In one case reported the deletion found in the father was smaller than that of the son (Stuppia et al., 1996), suggesting that some deletions do not necessarily lead to infertility, but that these deletions make the Y chromosome more liable to a second deletion which leads to infertility. In agreement with other data reported previously (Kent-First et al., 1996
; Vogt et al., 1996
; Pryor et al., 1997
; Chang et al., 1999
; Kamischke et al., 1999
; Kleiman et al., 1999
), in the case presented here a probably identical deletion was transmitted over three generations. However, since the region of the Y chromosome in which the deletion is located contains repetitive sequences and the method employed in the present study allows only a rough determination of the boundaries, a minor extension over generations of the deletion not covered by the STS used for AZFb cannot be excluded.
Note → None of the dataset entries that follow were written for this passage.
(* If $n\ge 3t+1$, then in every execution of COOL all honest processors output the same message (consistency).
   Context: Setting. $n$ processors indexed by $[1:n]$, pairwise joined by reliable private synchronous channels; recipients know senders. At most $t$ processors are dishonest, controlled by a Byzantine adversary of unbounded computational power knowing all inputs, who may make them deviate arbitrarily (missing values are replaced by a fixed default); the others are honest. Processor $i$ holds an $\ell$-bit initial message $\boldsymbol w_i$. $\phi$ is a default value different from every $\ell$-bit message. Logarithms are base 2. Code. $k=\lfloor t/5\rfloor+1$, $c=\lceil \max\{\ell,(t/5+1)\log(n+1)\}/k\rceil$. Messages are zero-padded to $kc$ bits and viewed in $GF(2^c)^k$. Integers in $[1:n]$ are identified with distinct nonzero elements of $GF(2^c)$; $\boldsymbol h_i\in GF(2^c)^k$ has entries $h_{i,j}=\prod_{p\in[1:k],\,p\ne j}\frac{i-p}{j-p}$ (field arithmetic). COOL (honest processor $i$). Initialization: updated message $\boldsymbol w^{(i)}:=\boldsymbol w_i$, $y^{(i)}_j:=\boldsymbol h_j^{\mathsf T}\boldsymbol w_i$ for $j\in[1:n]$, $u_i(i):=1$. Phase 1. (a) Send $(y^{(i)}_j,y^{(i)}_i)$ to each $j\ne i$. (b) For $j\ne i$, link indicator $u_i(j):=1$ if the pair received from $j$ equals $(y^{(i)}_i,y^{(i)}_j)$, else $0$. Success indicator $s_i:=1$ if $\sum_{j=1}^n u_i(j)\ge n-t$; otherwise $s_i:=0$ and $\boldsymbol w^{(i)}:=\phi$. (c) Send $s_i$ to all; each processor records the indicator received from each $j$ (own for itself) and forms $\mathcal S_1=\{j:s_j=1\}$, $\mathcal S_0=\{j:s_j=0\}$ (views may differ). Phase 2. If $s_i=1$: set $u_i(j):=0$ for all $j\in\mathcal S_0$; if now $\sum_j u_i(j)<n-t$, set $s_i:=0$, $\boldsymbol w^{(i)}:=\phi$, and send $s_i=0$ to all. Everyone overwrites recorded indicators with newly received ones and recomputes $\mathcal S_0,\mathcal S_1$. Phase 3. Repeat Phase 2 once more. Vote $v_i:=1$ if the recorded indicators satisfy $\sum_j s_j\ge 2t+1$, else $0$. Run on the votes a deterministic error-free binary Byzantine agreement protocol for $t<n/3$ (e.g. Berman–Garay–Perry or Coan–Welch), which guarantees all honest processors decide, decide equally, and decide the common honest vote when all honest votes agree. If the decision is $0$: set $\boldsymbol w^{(i)}:=\phi$, output $\phi$, stop. Phase 4 (decision 1). If $s_i=0$: replace $y^{(i)}_i$ by the most frequent value (fixed tie-breaking) among the first components of the Phase-1 pairs received from $j\in\mathcal S_1$; send it to each $j\in\mathcal S_0\setminus\{i\}$; with $z_i=y^{(i)}_i$, $z_j$ = value received from $j$ in Phase 4 for $j\in\mathcal S_0\setminus\{i\}$, $z_j$ = second component of the Phase-1 pair from $j$ for $j\in\mathcal S_1$, set $\boldsymbol w^{(i)}$ to a message $\boldsymbol x$ with $\boldsymbol h_j^{\mathsf T}\boldsymbol x=z_j$ for at least $n-t$ indices $j$ ($\phi$ if none). If $s_i=1$ keep $\boldsymbol w^{(i)}$. Output $\boldsymbol w^{(i)}$ and stop. *)

theory Defs
  imports Complex_Main
begin

definition kpar :: "nat \<Rightarrow> nat" where
  "kpar t = t div 5 + 1"

definition cpar :: "nat \<Rightarrow> nat \<Rightarrow> nat \<Rightarrow> nat" where
  "cpar n t l = nat \<lceil> max (real l) ((real t / 5 + 1) * log 2 (real n + 1)) / real (kpar t) \<rceil>"

text \<open>Lagrange coefficients h_{i,j}; emb identifies integers with field elements.\<close>
definition hcoef :: "(nat \<Rightarrow> 'f::field) \<Rightarrow> nat \<Rightarrow> nat \<Rightarrow> nat \<Rightarrow> 'f" where
  "hcoef emb k i j = (\<Prod>p\<in>{1..k} - {j}. (emb i - emb p) / (emb j - emb p))"

text \<open>Coded symbol h_i^T x, vectors of GF(2^c)^k are lists of length k (entry j is x!(j-1)).\<close>
definition cw :: "(nat \<Rightarrow> 'f::field) \<Rightarrow> nat \<Rightarrow> 'f list \<Rightarrow> nat \<Rightarrow> 'f" where
  "cw emb k x i = (\<Sum>j\<in>{1..k}. hcoef emb k i j * x ! (j - 1))"

definition encode_msg :: "(bool list \<Rightarrow> 'f) \<Rightarrow> nat \<Rightarrow> nat \<Rightarrow> bool list \<Rightarrow> 'f list" where
  "encode_msg b2f k c w =
     map (\<lambda>p. b2f (take c (drop (p * c) (w @ replicate (k * c - length w) False)))) [0..<k]"

section \<open>Adversary: values sent by dishonest processors (sender, recipient)\<close>

record 'f adversary =
  ph1  :: "nat \<Rightarrow> nat \<Rightarrow> 'f \<times> 'f"
  ph1s :: "nat \<Rightarrow> nat \<Rightarrow> bool"
  ph2  :: "nat \<Rightarrow> nat \<Rightarrow> bool option"   \<comment> \<open>Phase 2 indicator (None = nothing sent)\<close>
  ph3  :: "nat \<Rightarrow> nat \<Rightarrow> bool option"   \<comment> \<open>Phase 3 indicator (None = nothing sent)\<close>
  ph4  :: "nat \<Rightarrow> nat \<Rightarrow> 'f"

definition valid_tb :: "('f set \<Rightarrow> 'f) \<Rightarrow> bool" where
  "valid_tb tb \<longleftrightarrow> (\<forall>A. A \<noteq> {} \<longrightarrow> tb A \<in> A)"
The finding of AZFb deletions in fertile men is a contradictory issue. Pryor et al. found small microdeletions in the AZFb region (deletion site sY207 and sY272) in four of 200 fertile healthy men (Pryor et al., 1997). In addition, one father of an infertile patient with a mutation in the AZFb region had an identical deletion in this region. Today sY207 and sY272 are considered polymorphic markers. Our patient, his father and his son presented a partial microdeletion in the distal part of the AZFb region showing that the loss of this genomic region is compatible with natural fertility. In contrast, Brandell et al. found that the presence of an AZFb deletion is a severely adverse prognostic factor for ICSI based on sperm obtained by TESE (Brandell et al., 1998
) and the analysis of the literature has confirmed that complete AZFb deletions are associated with the absence of mature sperm in the testis (Krausz et al., 2000
; Kleiman et al., 2001
). In our case the partial deletion in the AZFb region was spontaneously transmitted over three generations, indicating that the deletion is compatible with at least some degree of fertility and natural paternity. However, we cannot exclude the possibility that the moderate decrease in sperm count over the years was genetically determined. The medical history reported varicocele treatment and an infection of the accessory glands. In April 1999, after antibiotic treatment, an improvement of semen parameters could be observed, indicating that the reduced semen parameters in this patient could be due to partial obstruction of the efferent ducts. Semen parameters were practically unchanged in February 2002, raising the possibility that the moderate oligoasthenoteratozoospermia in the propositum is not related to his partial AZFb deletion. It is therefore likely that sY130 and sY143 are polymorphic markers with no effect on sperm production. However, without a semen analysis of the father of the propositum, the pathogenetic role of the deletion cannot be evaluated more precisely.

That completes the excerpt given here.